TASK TO COMPLETE -> The complete listing should be restated exactly.

DATASET EXCERPTS ->
lemma II_answers_subset:
  assumes F: "countable_subfield F" and W: "II_strategy_wins F e \<alpha> X P \<sigma>"
    and ps: "I_legal F e \<alpha> X ps" and moves: "\<forall>p\<in>set ps. fst p = Fspan F A"
  shows "set (II_answers \<sigma> ps) \<subseteq> Fspan F A"
proof
  fix y assume "y \<in> set (II_answers \<sigma> ps)"
  then obtain j where j: "j < length ps" and y: "y = snd (\<sigma> (take (Suc j) ps))"
    unfolding II_answers_def by auto
  have "fst (\<sigma> (take (Suc i) ps)) \<subseteq> Fspan F A" if "i \<le> j" for i
  proof -
    have "fd_subspace F (fst (\<sigma> (take (Suc i) ps))) (fst (take (Suc i) ps ! i))"
      using II_strategy_wins_move(1)[OF W I_legal_take[OF ps]] that j by simp
    moreover have "fst (take (Suc i) ps ! i) = Fspan F A"
      using moves that j by auto
    ultimately show ?thesis
      by (simp add: fd_subspace_def Fsubspace_def)
  qed
  then have "subsum (\<lambda>i. fst (\<sigma> (take (Suc i) (take (Suc j) ps)))) j \<subseteq> Fspan F A"
    by (intro subsum_subset_Fspan[OF F]) (simp add: min_def)
  moreover have "length (take (Suc j) ps) = Suc j"
    using j by simp
  from II_strategy_wins_move(2)[OF W I_legal_take[OF ps zero_less_Suc] this]
  have "y \<in> subsum (\<lambda>i. fst (\<sigma> (take (Suc i) (take (Suc j) ps)))) j"
    using y by simp
  ultimately show "y \<in> Fspan F A" by blast
qed

lemma II_answers_rho_ge:
  assumes F: "countable_subfield F" and wf: "wf (\<alpha> - Id)"
    and W: "II_strategy_wins F e \<alpha> X P \<sigma>"
    and P_prefix: "\<And>ys zs. P (ys @ zs) \<Longrightarrow> P ys"
    and Y: "block_subspace F e Y" "Y \<subseteq> X"
    and ps: "I_legal F e \<alpha> X ps" and moves: "\<forall>p\<in>set ps. fst p = Y"
  defines "T \<equiv> {ys. set ys \<subseteq> Y \<and> P ys}"
  shows "II_answers \<sigma> ps \<in> T \<and> rho_ge T \<alpha> (II_answers \<sigma> ps) (snd (last ps))"
  using ps moves
proof (induction "snd (last ps)" arbitrary: ps rule: wf_induct_rule[OF wf])
  case (1 ps)
  have extend: "II_answers \<sigma> (ps @ [(Y, \<xi>)]) \<in> T \<and> rho_ge T \<alpha> (II_answers \<sigma> (ps @ [(Y, \<xi>)])) \<xi>"
    if lt: "ord_lt \<alpha> \<xi> (snd (last ps))" for \<xi>
    using 1(1)[of "ps @ [(Y, \<xi>)]"] 1(3) I_legal_snoc[OF 1(2) Y lt] lt
    unfolding ord_lt_def by auto
  have "II_answers \<sigma> ps \<in> T"
  proof (cases "ord_zero \<alpha> (snd (last ps))")
    case True
    obtain A where "Y = Fspan F A"
      using Y(1) unfolding block_subspace_def by blast
    then show ?thesis
      using II_strategy_wins_outcome[OF W 1(2) True] II_answers_subset[OF F W 1(2)] 1(3)
      unfolding T_def by auto
  next
    case False
    then obtain \<xi> where "ord_lt \<alpha> \<xi> (snd (last ps))"
      using I_legal_last_in_Field[OF 1(2)] unfolding ord_zero_def by blast
    then have "II_answers \<sigma> ps @ [snd (\<sigma> (ps @ [(Y, \<xi>)]))] \<in> T"
      using extend unfolding II_answers_snoc by blast
    then show ?thesis
      unfolding T_def using P_prefix[of "II_answers \<sigma> ps"] by auto
  qed
  moreover have "rho_ge T \<alpha> (II_answers \<sigma> ps) (snd (last ps))"
  proof (rule rho_ge.intros)
    show "snd (last ps) \<in> Field \<alpha>"
      using I_legal_last_in_Field[OF 1(2)] .
    show "\<forall>\<xi>. ord_lt \<alpha> \<xi> (snd (last ps)) \<longrightarrow>
        (\<exists>t\<in>T. strict_prefix (II_answers \<sigma> ps) t \<and> rho_ge T \<alpha> t \<xi>)"
      using extend unfolding II_answers_snoc by (blast intro: strict_prefixI')
  qed
  ultimately show ?case by blast
qed

theorem rank_gt_of_II_has_strategy:
  assumes F: "countable_subfield F" and "Well_order \<alpha>"
    and S: "II_has_strategy F e \<alpha> X P"
    and P_Nil: "P []" and P_prefix: "\<And>ys zs. P (ys @ zs) \<Longrightarrow> P ys"
    and Y: "block_subspace F e Y" "Y \<subseteq> X"
  shows "rank_gt {ys. set ys \<subseteq> Y \<and> P ys} \<alpha>"
proof -
  let ?T = "{ys. set ys \<subseteq> Y \<and> P ys}"
  obtain \<sigma> where W: "II_strategy_wins F e \<alpha> X P \<sigma>"
    using S unfolding II_has_strategy_def by blast
  have wf: "wf (\<alpha> - Id)"
    using \<open>Well_order \<alpha>\<close> unfolding well_order_on_def by blast
  have "rho_ge_top ?T \<alpha> []"
    unfolding rho_ge_top_def
  proof
    fix \<xi> assume "\<xi> \<in> Field \<alpha>"
    then have "I_legal F e \<alpha> X [(Y, \<xi>)]"
      by (rule I_legal_singleton[OF Y])
    from II_answers_rho_ge[where P = P, OF F wf W P_prefix Y this]
    have "II_answers \<sigma> [(Y, \<xi>)] \<in> ?T \<and> rho_ge ?T \<alpha> (II_answers \<sigma> [(Y, \<xi>)]) \<xi>"
      by simp
    moreover have "strict_prefix [] (II_answers \<sigma> [(Y, \<xi>)])"
      by (simp add: II_answers_def)
    ultimately show "\<exists>t\<in>?T. strict_prefix [] t \<and> rho_ge ?T \<alpha> t \<xi>"
      by blast
  qed
  moreover have "[] \<in> ?T" using P_Nil by simp
  ultimately show ?thesis unfolding rank_gt_def by blast
qed

theorem lemma4p8:
  fixes e :: "nat \<Rightarrow> 'a::banach" and F :: "real set" and \<alpha> :: "'b rel"
    and K :: real and X :: "'a set" and z :: "nat \<Rightarrow> 'a"
  assumes "schauder_basis e"
    and "countable_subfield F"
    and "norm_closed F e"
    and "Well_order \<alpha>" and "countable (Field \<alpha>)"
    and "K \<ge> 1"
    and "block_subspace F e X"
    and "block_seq F e z"
    and "II_has_strategy F e \<alpha> X (\<lambda>ys. sim_K K ys z)"
  shows "\<forall>Y. block_subspace F e Y \<and> Y \<subseteq> X \<longrightarrow> rank_gt (Ttree z Y K) \<alpha>"
proof (intro allI impI)
  fix Y assume Y: "block_subspace F e Y \<and> Y \<subseteq> X"
  have "rank_gt {ys. set ys \<subseteq> Y \<and> sim_K K ys z} \<alpha>"
  proof (rule rank_gt_of_II_has_strategy[OF assms(2,4,9) sim_K_Nil])
    show "\<And>ys zs. sim_K K (ys @ zs) z \<Longrightarrow> sim_K K ys z"
      by (rule sim_K_appendD)
  qed (use Y in auto)
  then show "rank_gt (Ttree z Y K) \<alpha>"
    unfolding Ttree_def .
qed

end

ANSWER ->
lemma II_answers_subset:
  assumes F: "countable_subfield F" and W: "II_strategy_wins F e \<alpha> X P \<sigma>"
    and ps: "I_legal F e \<alpha> X ps" and moves: "\<forall>p\<in>set ps. fst p = Fspan F A"
  shows "set (II_answers \<sigma> ps) \<subseteq> Fspan F A"
proof
  fix y assume "y \<in> set (II_answers \<sigma> ps)"
  then obtain j where j: "j < length ps" and y: "y = snd (\<sigma> (take (Suc j) ps))"
    unfolding II_answers_def by auto
  have "fst (\<sigma> (take (Suc i) ps)) \<subseteq> Fspan F A" if "i \<le> j" for i
  proof -
    have "fd_subspace F (fst (\<sigma> (take (Suc i) ps))) (fst (take (Suc i) ps ! i))"
      using II_strategy_wins_move(1)[OF W I_legal_take[OF ps]] that j by simp
    moreover have "fst (take (Suc i) ps ! i) = Fspan F A"
      using moves that j by auto
    ultimately show ?thesis
      by (simp add: fd_subspace_def Fsubspace_def)
  qed
  then have "subsum (\<lambda>i. fst (\<sigma> (take (Suc i) (take (Suc j) ps)))) j \<subseteq> Fspan F A"
    by (intro subsum_subset_Fspan[OF F]) (simp add: min_def)
  moreover have "length (take (Suc j) ps) = Suc j"
    using j by simp
  from II_strategy_wins_move(2)[OF W I_legal_take[OF ps zero_less_Suc] this]
  have "y \<in> subsum (\<lambda>i. fst (\<sigma> (take (Suc i) (take (Suc j) ps)))) j"
    using y by simp
  ultimately show "y \<in> Fspan F A" by blast
qed

lemma II_answers_rho_ge:
  assumes F: "countable_subfield F" and wf: "wf (\<alpha> - Id)"
    and W: "II_strategy_wins F e \<alpha> X P \<sigma>"
    and P_prefix: "\<And>ys zs. P (ys @ zs) \<Longrightarrow> P ys"
    and Y: "block_subspace F e Y" "Y \<subseteq> X"
    and ps: "I_legal F e \<alpha> X ps" and moves: "\<forall>p\<in>set ps. fst p = Y"
  defines "T \<equiv> {ys. set ys \<subseteq> Y \<and> P ys}"
  shows "II_answers \<sigma> ps \<in> T \<and> rho_ge T \<alpha> (II_answers \<sigma> ps) (snd (last ps))"
  using ps moves
proof (induction "snd (last ps)" arbitrary: ps rule: wf_induct_rule[OF wf])
  case (1 ps)
  have extend: "II_answers \<sigma> (ps @ [(Y, \<xi>)]) \<in> T \<and> rho_ge T \<alpha> (II_answers \<sigma> (ps @ [(Y, \<xi>)])) \<xi>"
    if lt: "ord_lt \<alpha> \<xi> (snd (last ps))" for \<xi>
    using 1(1)[of "ps @ [(Y, \<xi>)]"] 1(3) I_legal_snoc[OF 1(2) Y lt] lt
    unfolding ord_lt_def by auto
  have "II_answers \<sigma> ps \<in> T"
  proof (cases "ord_zero \<alpha> (snd (last ps))")
    case True
    obtain A where "Y = Fspan F A"
      using Y(1) unfolding block_subspace_def by blast
    then show ?thesis
      using II_strategy_wins_outcome[OF W 1(2) True] II_answers_subset[OF F W 1(2)] 1(3)
      unfolding T_def by auto
  next
    case False
    then obtain \<xi> where "ord_lt \<alpha> \<xi> (snd (last ps))"
      using I_legal_last_in_Field[OF 1(2)] unfolding ord_zero_def by blast
    then have "II_answers \<sigma> ps @ [snd (\<sigma> (ps @ [(Y, \<xi>)]))] \<in> T"
      using extend unfolding II_answers_snoc by blast
    then show ?thesis
      unfolding T_def using P_prefix[of "II_answers \<sigma> ps"] by auto
  qed
  moreover have "rho_ge T \<alpha> (II_answers \<sigma> ps) (snd (last ps))"
  proof (rule rho_ge.intros)
    show "snd (last ps) \<in> Field \<alpha>"
      using I_legal_last_in_Field[OF 1(2)] .
    show "\<forall>\<xi>. ord_lt \<alpha> \<xi> (snd (last ps)) \<longrightarrow>
        (\<exists>t\<in>T. strict_prefix (II_answers \<sigma> ps) t \<and> rho_ge T \<alpha> t \<xi>)"
      using extend unfolding II_answers_snoc by (blast intro: strict_prefixI')
  qed
  ultimately show ?case by blast
qed

theorem rank_gt_of_II_has_strategy:
  assumes F: "countable_subfield F" and "Well_order \<alpha>"
    and S: "II_has_strategy F e \<alpha> X P"
    and P_Nil: "P []" and P_prefix: "\<And>ys zs. P (ys @ zs) \<Longrightarrow> P ys"
    and Y: "block_subspace F e Y" "Y \<subseteq> X"
  shows "rank_gt {ys. set ys \<subseteq> Y \<and> P ys} \<alpha>"
proof -
  let ?T = "{ys. set ys \<subseteq> Y \<and> P ys}"
  obtain \<sigma> where W: "II_strategy_wins F e \<alpha> X P \<sigma>"
    using S unfolding II_has_strategy_def by blast
  have wf: "wf (\<alpha> - Id)"
    using \<open>Well_order \<alpha>\<close> unfolding well_order_on_def by blast
  have "rho_ge_top ?T \<alpha> []"
    unfolding rho_ge_top_def
  proof
    fix \<xi> assume "\<xi> \<in> Field \<alpha>"
    then have "I_legal F e \<alpha> X [(Y, \<xi>)]"
      by (rule I_legal_singleton[OF Y])
    from II_answers_rho_ge[where P = P, OF F wf W P_prefix Y this]
    have "II_answers \<sigma> [(Y, \<xi>)] \<in> ?T \<and> rho_ge ?T \<alpha> (II_answers \<sigma> [(Y, \<xi>)]) \<xi>"
      by simp
    moreover have "strict_prefix [] (II_answers \<sigma> [(Y, \<xi>)])"
      by (simp add: II_answers_def)
    ultimately show "\<exists>t\<in>?T. strict_prefix [] t \<and> rho_ge ?T \<alpha> t \<xi>"
      by blast
  qed
  moreover have "[] \<in> ?T" using P_Nil by simp
  ultimately show ?thesis unfolding rank_gt_def by blast
qed

theorem lemma4p8:
  fixes e :: "nat \<Rightarrow> 'a::banach" and F :: "real set" and \<alpha> :: "'b rel"
    and K :: real and X :: "'a set" and z :: "nat \<Rightarrow> 'a"
  assumes "schauder_basis e"
    and "countable_subfield F"
    and "norm_closed F e"
    and "Well_order \<alpha>" and "countable (Field \<alpha>)"
    and "K \<ge> 1"
    and "block_subspace F e X"
    and "block_seq F e z"
    and "II_has_strategy F e \<alpha> X (\<lambda>ys. sim_K K ys z)"
  shows "\<forall>Y. block_subspace F e Y \<and> Y \<subseteq> X \<longrightarrow> rank_gt (Ttree z Y K) \<alpha>"
proof (intro allI impI)
  fix Y assume Y: "block_subspace F e Y \<and> Y \<subseteq> X"
  have "rank_gt {ys. set ys \<subseteq> Y \<and> sim_K K ys z} \<alpha>"
  proof (rule rank_gt_of_II_has_strategy[OF assms(2,4,9) sim_K_Nil])
    show "\<And>ys zs. sim_K K (ys @ zs) z \<Longrightarrow> sim_K K ys z"
      by (rule sim_K_appendD)
  qed (use Y in auto)
  then show "rank_gt (Ttree z Y K) \<alpha>"
    unfolding Ttree_def .
qed

end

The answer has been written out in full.